lemma coercive_selfadjoint_sqrt:
  fixes G :: "'a::{real_inner,complete_space} \<Rightarrow>\<^sub>L 'a"
  assumes "selfadjoint G" and "0 < m" and coercive: "\<And>x. m * (x \<bullet> x) \<le> G x \<bullet> x"
  obtains R R' where "R o\<^sub>L R' = id_blinfun" and "R' o\<^sub>L R = id_blinfun"
    and "\<And>x. (norm (R x))\<^sup>2 = G x \<bullet> x"
    and "\<And>J. J o\<^sub>L G = G o\<^sub>L J \<Longrightarrow> J o\<^sub>L R = R o\<^sub>L J"
proof -
  interpret compose: bounded_bilinear "(o\<^sub>L) :: ('a \<Rightarrow>\<^sub>L 'a) \<Rightarrow> _"
    by (rule bounded_bilinear_blinfun_compose)
  define M where "M = norm G + m"
  have "M > 0"
    using \<open>0 < m\<close> by (simp add: M_def add_nonneg_pos)
  define K where "K = id_blinfun - (1 / M) *\<^sub>R G"
  have "selfadjoint K" "norm K < 1"
    using selfadjoint_id_minus_scaleR[OF \<open>selfadjoint G\<close>]
      norm_id_minus_scaleR_coercive_lt_1[OF assms]
    by (simp_all add: K_def M_def)
  obtain R R' where RR: "R o\<^sub>L R = id_blinfun - K"
    and inverse: "R o\<^sub>L R' = id_blinfun" "R' o\<^sub>L R = id_blinfun"
    and "selfadjoint R" and commute: "\<And>J. J o\<^sub>L K = K o\<^sub>L J \<Longrightarrow> J o\<^sub>L R = R o\<^sub>L J"
    using selfadjoint_sqrt_id_minus[OF \<open>selfadjoint K\<close> \<open>norm K < 1\<close>] by metis
  show ?thesis
  proof (rule that[of "sqrt M *\<^sub>R R" "(1 / sqrt M) *\<^sub>R R'"])
    show "sqrt M *\<^sub>R R o\<^sub>L (1 / sqrt M) *\<^sub>R R' = id_blinfun"
      "(1 / sqrt M) *\<^sub>R R' o\<^sub>L sqrt M *\<^sub>R R = id_blinfun"
      using \<open>M > 0\<close> inverse by (simp_all add: compose.scaleR_left compose.scaleR_right)
    have "(norm (R x))\<^sup>2 = (G x \<bullet> x) / M" for x
    proof -
      have "(norm (R x))\<^sup>2 = (R o\<^sub>L R) x \<bullet> x"
        using \<open>selfadjoint R\<close> by (simp add: selfadjoint_def power2_norm_eq_inner)
      also have "\<dots> = (G x \<bullet> x) / M"
        by (simp add: RR K_def blinfun.diff_left blinfun.scaleR_left inner_diff_left)
      finally show ?thesis .
    qed
    then show "(norm ((sqrt M *\<^sub>R R) x))\<^sup>2 = G x \<bullet> x" for x
      using \<open>M > 0\<close> by (simp add: blinfun.scaleR_left power_mult_distrib)
    show "J o\<^sub>L sqrt M *\<^sub>R R = sqrt M *\<^sub>R R o\<^sub>L J" if "J o\<^sub>L G = G o\<^sub>L J" for J
      using commute[of J] that
      by (simp add: K_def compose.diff_left compose.diff_right compose.scaleR_left
          compose.scaleR_right)
  qed
qed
= = =
Work order: Write out the whole listing again. Match it word for word.

Answer below:
lemma coercive_selfadjoint_sqrt:
  fixes G :: "'a::{real_inner,complete_space} \<Rightarrow>\<^sub>L 'a"
  assumes "selfadjoint G" and "0 < m" and coercive: "\<And>x. m * (x \<bullet> x) \<le> G x \<bullet> x"
  obtains R R' where "R o\<^sub>L R' = id_blinfun" and "R' o\<^sub>L R = id_blinfun"
    and "\<And>x. (norm (R x))\<^sup>2 = G x \<bullet> x"
    and "\<And>J. J o\<^sub>L G = G o\<^sub>L J \<Longrightarrow> J o\<^sub>L R = R o\<^sub>L J"
proof -
  interpret compose: bounded_bilinear "(o\<^sub>L) :: ('a \<Rightarrow>\<^sub>L 'a) \<Rightarrow> _"
    by (rule bounded_bilinear_blinfun_compose)
  define M where "M = norm G + m"
  have "M > 0"
    using \<open>0 < m\<close> by (simp add: M_def add_nonneg_pos)
  define K where "K = id_blinfun - (1 / M) *\<^sub>R G"
  have "selfadjoint K" "norm K < 1"
    using selfadjoint_id_minus_scaleR[OF \<open>selfadjoint G\<close>]
      norm_id_minus_scaleR_coercive_lt_1[OF assms]
    by (simp_all add: K_def M_def)
  obtain R R' where RR: "R o\<^sub>L R = id_blinfun - K"
    and inverse: "R o\<^sub>L R' = id_blinfun" "R' o\<^sub>L R = id_blinfun"
    and "selfadjoint R" and commute: "\<And>J. J o\<^sub>L K = K o\<^sub>L J \<Longrightarrow> J o\<^sub>L R = R o\<^sub>L J"
    using selfadjoint_sqrt_id_minus[OF \<open>selfadjoint K\<close> \<open>norm K < 1\<close>] by metis
  show ?thesis
  proof (rule that[of "sqrt M *\<^sub>R R" "(1 / sqrt M) *\<^sub>R R'"])
    show "sqrt M *\<^sub>R R o\<^sub>L (1 / sqrt M) *\<^sub>R R' = id_blinfun"
      "(1 / sqrt M) *\<^sub>R R' o\<^sub>L sqrt M *\<^sub>R R = id_blinfun"
      using \<open>M > 0\<close> inverse by (simp_all add: compose.scaleR_left compose.scaleR_right)
    have "(norm (R x))\<^sup>2 = (G x \<bullet> x) / M" for x
    proof -
      have "(norm (R x))\<^sup>2 = (R o\<^sub>L R) x \<bullet> x"
        using \<open>selfadjoint R\<close> by (simp add: selfadjoint_def power2_norm_eq_inner)
      also have "\<dots> = (G x \<bullet> x) / M"
        by (simp add: RR K_def blinfun.diff_left blinfun.scaleR_left inner_diff_left)
      finally show ?thesis .
    qed
    then show "(norm ((sqrt M *\<^sub>R R) x))\<^sup>2 = G x \<bullet> x" for x
      using \<open>M > 0\<close> by (simp add: blinfun.scaleR_left power_mult_distrib)
    show "J o\<^sub>L sqrt M *\<^sub>R R = sqrt M *\<^sub>R R o\<^sub>L J" if "J o\<^sub>L G = G o\<^sub>L J" for J
      using commute[of J] that
      by (simp add: K_def compose.diff_left compose.diff_right compose.scaleR_left
          compose.scaleR_right)
  qed
qed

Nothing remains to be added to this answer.